Kafka was designed from the ground up to completely isolate producers and consumers. However, with Kafka, this is not just in an API level design like we see in other messaging systems. Kafka also allows producers and consumers to scale independently. This means that your producers may get crazy and write more data than the consumers can handle, and the consumers will still process those events as fast as they can without Kafka having to apply any back-pressure strategy. This is possible because Kafka acts as a buffer between producers and consumers, with persistence enabled by default. So higher write throughput doesn't affect slow read throughput. But why will read throughput ever be slower than writing?
To understand this, you must understand what happens when events are processed in Kafka. The consumer polls for new events, and once these events are fetched from the broker, they need to be deserialized. This is a very CPU consuming task and therefore, it must be counted towards processing time.
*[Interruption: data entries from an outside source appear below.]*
lemma multiples_scale:
  assumes "h \<in> multiples m f"
  shows "(\<lambda>p. c * h p) \<in> multiples m f"
proof -
  obtain g where "is_poly g" "h = (\<lambda>p. f p * g p)"
    using assms unfolding multiples_def by blast
  then show ?thesis
    using assms unfolding multiples_def
    by (auto intro!: polys_scale is_poly_scale exI[of _ "\<lambda>p. c * g p"] simp: ac_simps)
qed

lemma Jedge_polys: "q \<in> Jedge m rr e \<Longrightarrow> q \<in> polys m"
  unfolding Jedge_def by (rule multiples_polys)

lemma Jedge_minus_one: "rr e = -1 \<Longrightarrow> Jedge m rr e = polys m"
  unfolding Jedge_def multiples_def is_poly_def by auto

lemma Jvert_zero: "(\<lambda>p. 0) \<in> Jvert T m rr v"
  unfolding Jvert_def Jedge_def by (auto intro!: exI[of _ "\<lambda>e p. 0"] multiples_zero)

lemma Jvert_add:
  assumes "f \<in> Jvert T m rr v" and "f' \<in> Jvert T m rr v"
  shows "(\<lambda>p. f p + f' p) \<in> Jvert T m rr v"
proof -
  obtain h h' where "\<forall>e\<in>int_edges T. v \<in> e \<longrightarrow> h e \<in> Jedge m rr e \<and> h' e \<in> Jedge m rr e"
    and "f = (\<lambda>p. \<Sum>e | e \<in> int_edges T \<and> v \<in> e. h e p)"
    and "f' = (\<lambda>p. \<Sum>e | e \<in> int_edges T \<and> v \<in> e. h' e p)"
    using assms unfolding Jvert_def by auto
  then show ?thesis
    unfolding Jvert_def Jedge_def
    by (auto intro!: exI[of _ "\<lambda>e p. h e p + h' e p"] multiples_add simp: sum.distrib)
qed

lemma Jvert_scale:
  assumes "f \<in> Jvert T m rr v"
  shows "(\<lambda>p. c * f p) \<in> Jvert T m rr v"
proof -
  obtain h where "\<forall>e\<in>int_edges T. v \<in> e \<longrightarrow> h e \<in> Jedge m rr e"
    and "f = (\<lambda>p. \<Sum>e | e \<in> int_edges T \<and> v \<in> e. h e p)"
    using assms unfolding Jvert_def by auto
  then show ?thesis
    unfolding Jvert_def Jedge_def
    by (auto intro!: exI[of _ "\<lambda>e p. c * h e p"] multiples_scale simp: sum_distrib_left)
qed

lemma Jvert_sum: "(\<And>i. i \<in> A \<Longrightarrow> F i \<in> Jvert T m rr v) \<Longrightarrow> (\<lambda>p. \<Sum>i\<in>A. F i p) \<in> Jvert T m rr v"
  by (induction A rule: infinite_finite_induct) (auto intro: Jvert_zero Jvert_add)

lemma Jvert_if_Jedge:
  assumes "finite (int_edges T)" and "e \<in> int_edges T" and "v \<in> e" and "q \<in> Jedge m rr e"
  shows "q \<in> Jvert T m rr v"
proof -
  have "q = (\<lambda>p. \<Sum>e' | e' \<in> int_edges T \<and> v \<in> e'. if e' = e then q p else 0)"
    using assms(1-3) by (simp add: sum.delta')
  moreover have "(\<lambda>p. if e' = e then q p else 0) \<in> Jedge m rr e'" for e'
    using assms(4) multiples_zero unfolding Jedge_def by (cases "e' = e") auto
  ultimately show ?thesis
    unfolding Jvert_def by (intro CollectI exI[of _ "\<lambda>e' p. if e' = e then q p else 0"]) auto
qed

lemma Jvert_mono:
  assumes "\<And>e. Jedge m rr e \<subseteq> Jedge m ss e"
  shows "Jvert T m rr g \<subseteq> Jvert T m ss g"
  unfolding Jvert_def using assms by blast

lemma edge_form_power_mult_in_Jvert:
  assumes "finite (int_edges T)" and "v \<in> int_verts T" and "{v, w} \<in> edges T" and "v \<noteq> w"
    and "int k = r + 1" and "k \<le> m" and "G \<in> polys (m - k)"
  shows "(\<lambda>p. det2 (w - v) (p - v) ^ k * G p) \<in> Jvert T m (\<lambda>e. r) v"
proof -
  obtain s where s: "\<And>x. det2 (w - v) (x - v) = s * lform {v, w} x"
    using det2_edge_eq_lform[OF assms(4)] by blast
  have "(\<lambda>p. det2 (w - v) (p - v) ^ k * G p) \<in> polys (m - k + k)"
    by (rule polys_mult_affine_power[OF affine_form_det2_dir assms(7)])
  moreover have "(\<lambda>p. det2 (w - v) (p - v) ^ k * G p)
      = (\<lambda>p. lform {v, w} p ^ nat (r + 1) * (s ^ k * G p))"
  proof -
    have "nat (r + 1) = k" using assms(5) by simp
    then show ?thesis unfolding s by (simp add: power_mult_distrib ac_simps)
  qed
  moreover have "is_poly (\<lambda>p. s ^ k * G p)"
    unfolding is_poly_def using polys_scale[OF assms(7)] by blast
  ultimately have "(\<lambda>p. det2 (w - v) (p - v) ^ k * G p) \<in> Jedge m (\<lambda>e. r) {v, w}"
    unfolding Jedge_def multiples_def using assms(6) by auto
  moreover have "{v, w} \<in> int_edges T" by (rule int_edgesI_int_vert[OF assms(3) _ assms(2)]) simp
  ultimately show ?thesis by (intro Jvert_if_Jedge[OF assms(1)]) simp_all
qed

lemma vanishes_to_order_in_Jvert:
  assumes "finite (int_edges T)" and "v \<in> int_verts T" and "Suc k \<le> card (slopes T v)"
    and "int k = r + 1" and "k \<le> m" and "vanishes_to_order v k m f"
  shows "f \<in> Jvert T m (\<lambda>e. r) v"
proof -
  obtain D where D: "finite D" "card D = Suc k" "0 \<notin> D"
    "\<And>d d'. d \<in> D \<Longrightarrow> d' \<in> D \<Longrightarrow> d \<noteq> d' \<Longrightarrow> det2 d d' \<noteq> 0"
    and edge: "\<And>d. d \<in> D \<Longrightarrow> {v, v + d} \<in> edges T"
    using obtain_edge_directions[OF assms(3)] by blast
  obtain t where t: "\<And>j. j \<le> k \<Longrightarrow>
      \<exists>c. \<forall>p. shear_x t v p ^ j * shear_y v p ^ (k - j) = (\<Sum>d\<in>D. c d * det2 d (p - v) ^ k)"
    using sheared_monomial_in_span_of_powers[OF D] by blast
  obtain g where g: "\<forall>j\<le>k. g j \<in> polys (m - k)"
    and f: "f = (\<lambda>p. \<Sum>j\<le>k. shear_x t v p ^ j * shear_y v p ^ (k - j) * g j p)"
    using vanishes_to_order_sheared_expansion[OF assms(6,5)] unfolding has_sheared_expansion_def
    by blast
  have "(\<lambda>p. shear_x t v p ^ j * shear_y v p ^ (k - j) * g j p) \<in> Jvert T m (\<lambda>e. r) v"
    if j: "j \<le> k" for j
  proof -
    obtain c where c: "\<And>p. shear_x t v p ^ j * shear_y v p ^ (k - j) = (\<Sum>d\<in>D. c d * det2 d (p - v) ^ k)"
      using t[OF j] by blast
    have "(\<lambda>p. \<Sum>d\<in>D. c d * (det2 (v + d - v) (p - v) ^ k * g j p)) \<in> Jvert T m (\<lambda>e. r) v"
    proof (intro Jvert_sum Jvert_scale edge_form_power_mult_in_Jvert[OF assms(1,2) _ _ assms(4,5)])
      fix d assume "d \<in> D"
      then show "{v, v + d} \<in> edges T" "v \<noteq> v + d" using edge D(3) by auto
      show "g j \<in> polys (m - k)" using g j by blast
    qed
    then show ?thesis unfolding c by (simp add: sum_distrib_right mult.assoc)
  qed
  then show ?thesis unfolding f by (intro Jvert_sum) simp
qed

section \<open>Clearing the smoothness across the edges of a face\<close>

lemma Jedge_clear_face_mono: "Jedge m (\<lambda>e. r) e \<subseteq> Jedge m (\<lambda>e. if e \<subseteq> \<sigma> then -1 else r) e"
proof (cases "e \<subseteq> \<sigma>")
  case True
  then show ?thesis by (auto simp: Jedge_minus_one dest: Jedge_polys)
next
  case False
  then show ?thesis by (simp add: Jedge_def)
qed

lemma Jvert_clear_face_outside:
  assumes "g \<notin> \<sigma>"
  shows "Jvert T m (\<lambda>e. if e \<subseteq> \<sigma> then -1 else r) g = Jvert T m (\<lambda>e. r) g"
proof -
  have "Jedge m (\<lambda>e. if e \<subseteq> \<sigma> then -1 else r) e = Jedge m (\<lambda>e. r) e" if "g \<in> e" for e
    using that assms unfolding Jedge_def by auto
  then show ?thesis unfolding Jvert_def by (intro Collect_cong) (metis (no_types, lifting))
qed

lemma H0_vanishes_mono:
  assumes "H0_vanishes T m rr" and "\<And>g. Jvert T m rr g \<subseteq> Jvert T m ss g"
  shows "H0_vanishes T m ss"
  unfolding H0_vanishes_def
proof (intro allI impI)
  fix G assume "\<forall>g\<in>int_verts T. G g \<in> polys m"
  then obtain F J where "\<forall>e\<in>int_edges T. F e \<in> polys m" "\<forall>g\<in>int_verts T. J g \<in> Jvert T m rr g"
    "\<forall>g\<in>int_verts T. \<forall>p. G g p = d1 T F g p + J g p"
    using assms(1) unfolding H0_vanishes_def by blast
  then show "\<exists>F J. (\<forall>e\<in>int_edges T. F e \<in> polys m) \<and> (\<forall>g\<in>int_verts T. J g \<in> Jvert T m ss g) \<and>
      (\<forall>g\<in>int_verts T. \<forall>p. G g p = d1 T F g p + J g p)"
    using assms(2) by blast
qed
Even more so if you are using formats like JSON, Thrift, Avro, and Protocol Buffers. After this, the consumer will start the actual processing of the events, which is tied to the business logic. Sometimes this is as simple as writing them off into a target system, but some other times it is a bit more complicated than that. What matters here is that processing those events doesn't come for free when it comes to resources utilization. You can surely know that CPU, memory, and network resources will be used for this. So whatever resource contention happens during this process, it must also count towards processing time. Finally, after processing the events, the consumer needs to inform Kafka that those events should be marked as processed. Otherwise, the same events will be included in the next event polling. This is done by committing the offsets from each one of those events. Figure 1 depicts all these steps.
Figure 1: Steps that are executed when events are processed.
As you can see from this narrative, processing events are not straightforward. While the narrative focused on explaining the stages of event processing, it intentionally gave you a positive perspective that everything just works. However, in the real world, lots of errors can happen during event processing, including the processing attempt of poison pills. These are events that can't be processed because they have invalid formats, wrong data types, or business-related problems such as events with integrity issues. When these events are polled, consumers may try to reprocess them unsuccessfully multiple times, while further events in the partition are blocked by the ones in the head. This is known as the head-of-line blocking problem. This problem was originally coined in the context of computer networking, but it also applies in the world of streaming data with Kafka. This is one of the most common problems that can slow down your read throughput.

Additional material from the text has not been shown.